In [5]:
#the algorithms keep an edge sample S of up to M edges from the stream
class edgesample:

    def __init__(self):
        # neighbours dictionary
        self._store     = {}
        
        self._num_edges = 0
        self._edge_set  = set()

    # add edge u - v updating neighbours 
    def add(self,u,v):
        if u in self._store.keys():
            self._store[u].add(v)
        else :
            self._store[u] = set([v])

        if v in self._store.keys():
            self._store[v].add(u)
        else :
            self._store[v] = set([u])
        
        self._num_edges += 1
        self._edge_set.add((u,v))


    # delete edge u - v updating neighbours 
    def delete(self,u,v):
        self._store[u].remove(v)
        set_u = self._store[u]
        if len(set_u) == 0:
            del self._store[u]

        self._store[v].remove(u)
        set_v = self._store[v]
        if len(set_v) == 0:
            del self._store[v]
        
        if self._num_edges > 0:
            self._num_edges -= 1
            
        self._edge_set.remove((u, v))


    def get_neighbours(self,u):
        return self._store[u]

    def get_vertice_list(self):
        return self._store.keys()

    def get_edges(self):
        return list(self._edge_set)

In [6]:
import random

#reservoir sampling to exploit the available memory as much as possible
def reservoir(improved,edge,t):
    
    #keep first M items
    if t <= M:
        return True
    
    #with probability M/t keep item t and discard an old one randomly 
    else:
        coin_toss = random.random()
        if coin_toss < (M/t):
            edge_list = S.get_edges()
            num_edges = len(edge_list)
            del_idx = random.randint(0, num_edges-1)
            u1, v1 = edge_list[del_idx]
            S.delete(u1, v1)
            #update_counters called with sign "-" only in the base version
            if not improved:
                update_counters("-",t,u1,v1)
            return True

    return False

In [7]:
def update_counters(sign, t, u, v):
        global global_T
        vertices = S.get_vertice_list()
        if u not in vertices or v not in vertices:
            return
        neighbourhood_u = S.get_neighbours(u)
        neighbourhood_v = S.get_neighbours(v)
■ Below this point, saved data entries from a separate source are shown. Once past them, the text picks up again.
lemma weighted_ratio_tendsto_0:
  fixes w :: "nat \<Rightarrow> nat \<Rightarrow> real" and q r :: "nat \<Rightarrow> real"
  assumes w: "\<And>m k. w m k \<ge> 0" and q: "\<And>k. 0 \<le> q k" "\<And>k. q k \<le> 1" and r: "\<And>k. r k > 0"
    and w_dominated: "\<And>k K c. k < K \<Longrightarrow> c > 0 \<Longrightarrow> \<forall>\<^sub>F m in sequentially. w m k \<le> c * w m K"
    and q_negligible: "\<And>e. e > 0 \<Longrightarrow> \<exists>k0. \<forall>k\<ge>k0. q k \<le> e * r k"
  shows "(\<lambda>m. (\<Sum>k\<le>m. w m k * q k) / (\<Sum>k\<le>m. w m k * r k)) \<longlonglongrightarrow> 0"
proof (rule order_tendstoI)
  fix a :: real assume "a < 0"
  have "0 \<le> (\<Sum>k\<le>m. w m k * q k) / (\<Sum>k\<le>m. w m k * r k)" for m
    using w q r by (intro divide_nonneg_nonneg sum_nonneg mult_nonneg_nonneg) (auto intro: less_imp_le)
  with \<open>a < 0\<close> show "\<forall>\<^sub>F m in sequentially. a < (\<Sum>k\<le>m. w m k * q k) / (\<Sum>k\<le>m. w m k * r k)"
    by (auto intro: always_eventually less_le_trans)
next
  fix e :: real assume e: "e > 0"
  then obtain k0 where k0: "\<And>k. k0 \<le> k \<Longrightarrow> q k \<le> (e / 4) * r k"
    using q_negligible[of "e / 4"] by auto
  define c where "c = e * r k0 / (4 * (real k0 + 1))"
  have "c > 0" using e r[of k0] by (simp add: c_def)
  have c: "real k0 * c \<le> (e / 4) * r k0"
    using e r[of k0] by (simp add: c_def field_simps)
  have "\<forall>\<^sub>F m in sequentially. (\<forall>k\<in>{..<k0}. w m k \<le> c * w m k0) \<and> k0 \<le> m"
    using \<open>c > 0\<close> by (intro eventually_conj eventually_ball_finite ballI w_dominated eventually_ge_at_top) auto
  then show "\<forall>\<^sub>F m in sequentially. (\<Sum>k\<le>m. w m k * q k) / (\<Sum>k\<le>m. w m k * r k) < e"
  proof eventually_elim
    case (elim m)
    then have "(\<Sum>k\<le>m. w m k * q k) \<le> 2 * (e / 4) * (\<Sum>k\<le>m. w m k * r k)"
      using w q r e k0 c by (intro weighted_sum_le_by_dominant_index) (auto intro: less_imp_le)
    moreover have "(\<Sum>k\<le>m. w m k * r k) \<ge> 0"
      using w r by (intro sum_nonneg mult_nonneg_nonneg) (auto intro: less_imp_le)
    ultimately show ?case
      using e by (cases "(\<Sum>k\<le>m. w m k * r k) = 0") (auto simp: divide_le_eq intro: le_less_trans[of _ "e/2"])
  qed
qed

lemma weighted_ratio_tendsto:
  fixes w :: "nat \<Rightarrow> nat \<Rightarrow> real" and q r :: "nat \<Rightarrow> real"
  assumes w_pos: "\<forall>\<^sub>F m in sequentially. w m K > 0"
    and w_ratio: "\<And>k. k < K \<Longrightarrow> (\<lambda>m. w m k / w m K) \<longlonglongrightarrow> 0"
    and q: "\<And>k. K < k \<Longrightarrow> q k = 0" and r: "\<And>k. K < k \<Longrightarrow> r k = 0" "r K > 0"
  shows "(\<lambda>m. (\<Sum>k\<le>m. w m k * q k) / (\<Sum>k\<le>m. w m k * r k)) \<longlonglongrightarrow> q K / r K"
proof -
  let ?g = "\<lambda>f m. f K + (\<Sum>k<K. w m k / w m K * f k)"
  have g: "(?g f) \<longlonglongrightarrow> f K + 0" for f
    by (intro tendsto_add tendsto_const tendsto_null_sum tendsto_mult_left_zero w_ratio) auto
  have sum_eq: "(\<Sum>k\<le>m. w m k * f k) = w m K * ?g f m"
    if "K \<le> m" "w m K > 0" "\<And>k. K < k \<Longrightarrow> f k = 0" for f m
  proof -
    have "(\<Sum>k\<le>m. w m k * f k) = (\<Sum>k\<le>K. w m k * f k)"
      using that by (intro sum.mono_neutral_right) auto
    also have "\<dots> = w m K * ?g f m"
      using that(2) by (simp add: lessThan_Suc_atMost[symmetric] sum_distrib_left field_simps)
    finally show ?thesis .
  qed
  have "\<forall>\<^sub>F m in sequentially. ?g q m / ?g r m = (\<Sum>k\<le>m. w m k * q k) / (\<Sum>k\<le>m. w m k * r k)"
    using w_pos eventually_ge_at_top[of K]
    by eventually_elim (simp add: sum_eq q r)
  moreover have "(\<lambda>m. ?g q m / ?g r m) \<longlonglongrightarrow> q K / r K"
    using tendsto_divide[OF g g] r by simp
  ultimately show ?thesis by (rule Lim_transform_eventually[rotated])
qed

lemma nn_integral_binomial_pmf_Suc:
  fixes \<phi> :: "nat \<Rightarrow> ennreal"
  assumes "0 \<le> p" "p \<le> 1"
  shows "(\<integral>\<^sup>+k. \<phi> k \<partial>binomial_pmf (Suc n) p)
       = ennreal (1 - p) * (\<integral>\<^sup>+k. \<phi> k \<partial>binomial_pmf n p) + ennreal p * (\<integral>\<^sup>+k. \<phi> (Suc k) \<partial>binomial_pmf n p)"
  using assms by (simp add: binomial_pmf_Suc mult.commute add.commute)

section \<open>Zero-inflated increments and the binomial decomposition\<close>

locale zero_inflated_walk = prob_space M for M :: "'a measure" +
  fixes X Y :: "nat \<Rightarrow> 'a \<Rightarrow> real"
  assumes indep: "indep_vars (\<lambda>_. borel)
          (\<lambda>i. case i of Inl k \<Rightarrow> X k | Inr k \<Rightarrow> Y k)
          (Inl ` {1..} \<union> Inr ` {2..})"
    and nonneg: "\<And>k \<omega>. k \<ge> 1 \<Longrightarrow> \<omega> \<in> space M \<Longrightarrow> X k \<omega> \<ge> 0"
    and X_id: "\<And>k. k \<ge> 2 \<Longrightarrow> distr M borel (X k) = distr M borel (X 2)"
    and p_pos: "measure M {\<omega> \<in> space M. X 2 \<omega> > 0} > 0"
    and Y_id: "\<And>k. k \<ge> 2 \<Longrightarrow> distr M borel (Y k) = distr M borel (Y 2)"
    and Y_law: "\<And>k U. k \<ge> 2 \<Longrightarrow> U \<in> sets borel \<Longrightarrow>
          measure M {\<omega> \<in> space M. Y k \<omega> \<in> U} =
          cond_prob M (\<lambda>\<omega>. X k \<omega> \<in> U) (\<lambda>\<omega>. X k \<omega> > 0)"
begin

definition XY :: "nat + nat \<Rightarrow> 'a \<Rightarrow> real" where
  "XY i = (case i of Inl k \<Rightarrow> X k | Inr k \<Rightarrow> Y k)"

definition XY_index :: "(nat + nat) set" where
  "XY_index = Inl ` {1..} \<union> Inr ` {2..}"

definition pos_prob :: real where
  "pos_prob = prob {\<omega>\<in>space M. X 2 \<omega> > 0}"

definition law_X :: "real measure" where
  "law_X = distr M borel (X 2)"

definition law_Y :: "real measure" where
  "law_Y = distr M borel (Y 2)"

lemma indep_XY: "indep_vars (\<lambda>_. borel) XY XY_index"
  using indep unfolding XY_def[abs_def] XY_index_def .

lemma XY_simps [simp]: "XY (Inl k) = X k" "XY (Inr k) = Y k"
  by (simp_all add: XY_def)

lemma measurable_XY: "i \<in> XY_index \<Longrightarrow> XY i \<in> borel_measurable M"
  using indep_XY by (simp add: indep_vars_def2)

lemma measurable_X [measurable]: "1 \<le> k \<Longrightarrow> X k \<in> borel_measurable M"
  using measurable_XY[of "Inl k"] by (simp add: XY_index_def)

lemma measurable_Y [measurable]: "2 \<le> k \<Longrightarrow> Y k \<in> borel_measurable M"
  using measurable_XY[of "Inr k"] by (simp add: XY_index_def)

lemma measurable_frakS [measurable]: "frakS Y k \<in> borel_measurable M"
  unfolding frakS_def by measurable

lemma frakS_Suc: "frakS Y (Suc k) \<omega> = frakS Y k \<omega> + Y (k + 2) \<omega>"
  by (simp add: frakS_def)

lemma distr_X: "2 \<le> k \<Longrightarrow> distr M borel (X k) = law_X"
  unfolding law_X_def by (rule X_id)

lemma distr_Y: "2 \<le> k \<Longrightarrow> distr M borel (Y k) = law_Y"
  unfolding law_Y_def by (rule Y_id)

lemma pos_prob_pos: "0 < pos_prob"
  using p_pos by (simp add: pos_prob_def)

lemma pos_prob_le_1: "pos_prob \<le> 1"
  by (simp add: pos_prob_def)

lemma law_X_nonpos: "emeasure law_X {..0} = ennreal (1 - pos_prob)"
proof -
  have "{\<omega>\<in>space M. X 2 \<omega> \<le> 0} = space M - {\<omega>\<in>space M. X 2 \<omega> > 0}" by auto
  then show ?thesis
    by (simp add: law_X_def emeasure_distr emeasure_eq_measure vimage_def Int_def conj_commute
        prob_compl pos_prob_def)
qed

lemma law_Y_eq_density: "law_Y = density law_X (\<lambda>x. ennreal (1 / pos_prob) * indicator {0<..} x)"
proof (rule measure_eqI)
  fix U assume "U \<in> sets law_Y"
  then have U: "U \<in> sets borel" by (simp add: law_Y_def)
  have "emeasure law_Y U = ennreal (prob {\<omega>\<in>space M. X 2 \<omega> \<in> U \<inter> {0<..}} / pos_prob)"
    using U Y_law[of 2 U]
    by (simp add: law_Y_def emeasure_distr emeasure_eq_measure vimage_def Int_def conj_commute
        cond_prob_def pos_prob_def)
  also have "\<dots> = ennreal (1 / pos_prob) * emeasure law_X (U \<inter> {0<..})"
    using U pos_prob_pos
    by (simp add: law_X_def emeasure_distr emeasure_eq_measure vimage_def Int_def conj_commute
        flip: ennreal_mult)
  also have "\<dots> = (\<integral>\<^sup>+x. ennreal (1 / pos_prob) * indicator (U \<inter> {0<..}) x \<partial>law_X)"
    using U by (simp add: law_X_def nn_integral_cmult_indicator)
  also have "\<dots> = emeasure (density law_X (\<lambda>x. ennreal (1 / pos_prob) * indicator {0<..} x)) U"
    using U by (subst emeasure_density) (auto simp: law_X_def intro!: nn_integral_cong split: split_indicator)
  finally show "emeasure law_Y U = emeasure (density law_X (\<lambda>x. ennreal (1 / pos_prob) * indicator {0<..} x)) U" .
qed (simp add: law_X_def law_Y_def)

lemma real_distribution_law_Y: "real_distribution law_Y"
  by (simp add: law_Y_def)

lemma nn_integral_law_X:
  assumes g[measurable]: "g \<in> borel_measurable borel"
  shows "(\<integral>\<^sup>+v. g v \<partial>law_X) = ennreal (1 - pos_prob) * g 0 + ennreal pos_prob * (\<integral>\<^sup>+y. g y \<partial>law_Y)"
proof -
  have "AE v in law_X. 0 \<le> v"
    unfolding law_X_def using nonneg[of 2] by (subst AE_distr_iff) auto
  then have "(\<integral>\<^sup>+v. g v \<partial>law_X) = (\<integral>\<^sup>+v. g 0 * indicator {..0} v + g v * indicator {0<..} v \<partial>law_X)"
    by (intro nn_integral_cong_AE) (auto elim!: eventually_mono split: split_indicator)
  also have "\<dots> = g 0 * emeasure law_X {..0} + (\<integral>\<^sup>+v. g v * indicator {0<..} v \<partial>law_X)"
    by (subst nn_integral_add) (auto simp: law_X_def nn_integral_cmult_indicator)
  also have "(\<integral>\<^sup>+v. g v * indicator {0<..} v \<partial>law_X) = ennreal pos_prob * (\<integral>\<^sup>+y. g y \<partial>law_Y)"
  proof -
    have "(\<integral>\<^sup>+y. g y \<partial>law_Y) = ennreal (1 / pos_prob) * (\<integral>\<^sup>+v. g v * indicator {0<..} v \<partial>law_X)"
      unfolding law_Y_eq_density
      by (subst nn_integral_density) (auto simp: law_X_def mult_ac simp flip: nn_integral_cmult)
    moreover have "ennreal pos_prob * ennreal (1 / pos_prob) = 1"
      using pos_prob_pos by (simp flip: ennreal_mult)
    ultimately show ?thesis by (simp add: mult.assoc[symmetric])
  qed
  finally show ?thesis by (simp add: law_X_nonpos mult.commute)
qed

lemma nn_integral_XY_add_component:
  fixes h :: "real \<Rightarrow> real \<Rightarrow> ennreal"
  assumes A: "A \<subseteq> XY_index" "i \<in> XY_index" "i \<notin> A"
    and [measurable]: "f \<in> borel_measurable (PiM A (\<lambda>_. borel))" "g \<in> borel_measurable (PiM A (\<lambda>_. borel))"
      "case_prod h \<in> borel_measurable (borel \<Otimes>\<^sub>M borel)"
  shows "(\<integral>\<^sup>+\<omega>. h (f (restrict (\<lambda>j. XY j \<omega>) A)) (g (restrict (\<lambda>j. XY j \<omega>) A) + XY i \<omega>) \<partial>M)
       = (\<integral>\<^sup>+\<omega>. \<integral>\<^sup>+v. h (f (restrict (\<lambda>j. XY j \<omega>) A)) (g (restrict (\<lambda>j. XY j \<omega>) A) + v)
            \<partial>distr M borel (XY i) \<partial>M)"
  by (rule nn_integral_indep_vars_component[OF indep_XY A, where H="\<lambda>u v. h (f u) (g u + v)"]) measurable

lemma borel_measurable_nn_integral_law_Y_shift:
  fixes h :: "real \<Rightarrow> real \<Rightarrow> ennreal"
  shows "case_prod h \<in> borel_measurable (borel \<Otimes>\<^sub>M borel) \<Longrightarrow>
     (\<lambda>(x, w). \<integral>\<^sup>+y. h x (w + y) \<partial>law_Y) \<in> borel_measurable (borel \<Otimes>\<^sub>M borel)"
  by (intro borel_measurable_nn_integral_shift prob_space_imp_sigma_finite)
    (simp_all add: law_Y_def prob_space_distr)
        shared_neigbourhood = neighbourhood_u & neighbourhood_v
        shared_value = len(shared_neigbourhood)

        if shared_value == 0:
            return
        
        #improved version update
        if not sign:
            weight_t = max(1, ((t-1)*(t-2))/(M * (M-1)))
            for c in shared_neigbourhood:
                local_T[c] += weight_t
                local_T[u] += weight_t
                local_T[v] += weight_t
                global_T   += weight_t  
                
        #base version update       
        else:
            for c in shared_neigbourhood:
                if sign == '+':
                    local_T[c] += 1
                    local_T[u] += 1
                    local_T[v] += 1
                    global_T += 1
                else:
                    local_T[c] -= 1
                    local_T[u] -= 1
                    local_T[v] -= 1
                    global_T -= 1
    
def triest(datafile, improved):
    t = 0
    #simulated stream whose elements are edges insertions occurring in an arbitrary order.
    for line in datafile:
        edge = line.split()
        u = int(edge[0])
        v = int(edge[1])
        # skip edge if u=v
        if u == v: 
            continue
        #order the edge
        if u > v:
            tmp = u
            u = v
            v = tmp
        #skip edge if it is already in the sample
        if (u,v) in S.get_edges(): 
            continue
        
        t = t + 1
        
        #improved version
        if(improved):
            update_counters("",t,u,v)
            if reservoir(improved,(u,v),t):
                S.add(u,v)
           
        #base version
        else:
            if reservoir(improved,(u,v),t):
                S.add(u,v)
                update_counters("+",t,u,v)
    
    #result of the improved version
    if(improved):
        return int(global_T) 
    
    #result of the base version
    else:
        epsilon = max(1, (t*(t-1)*(t-2))/(M*(M-1)*(M-2)))
        return int(global_T*epsilon) 

In [8]:

from collections import defaultdict
import time

#for M greater or equal than 2400 we get 326 global triangles with improved version

#M is the user-specified memory space
M = 2400 
#edge sample S of up to M edges from the stream
S = edgesample()

#estimated local and global numbers of triangles
local_T = defaultdict(lambda:0)
global_T = 0

#True if we condider the improved version, False if we consider the base version
improved= True

#dataset out.maayan-faa from canvas 
#2615 edges #1226 vertices #326 triangles

file = open('out.maayan-faa', 'r') 

start = time.time()

result = triest(file, improved)

stop = time.time()

print("M = ", M)
print("Global Triangles = ", result)
print("Time:", stop - start)

M =  2400
Global Triangles =  326
Time: 0.1705012321472168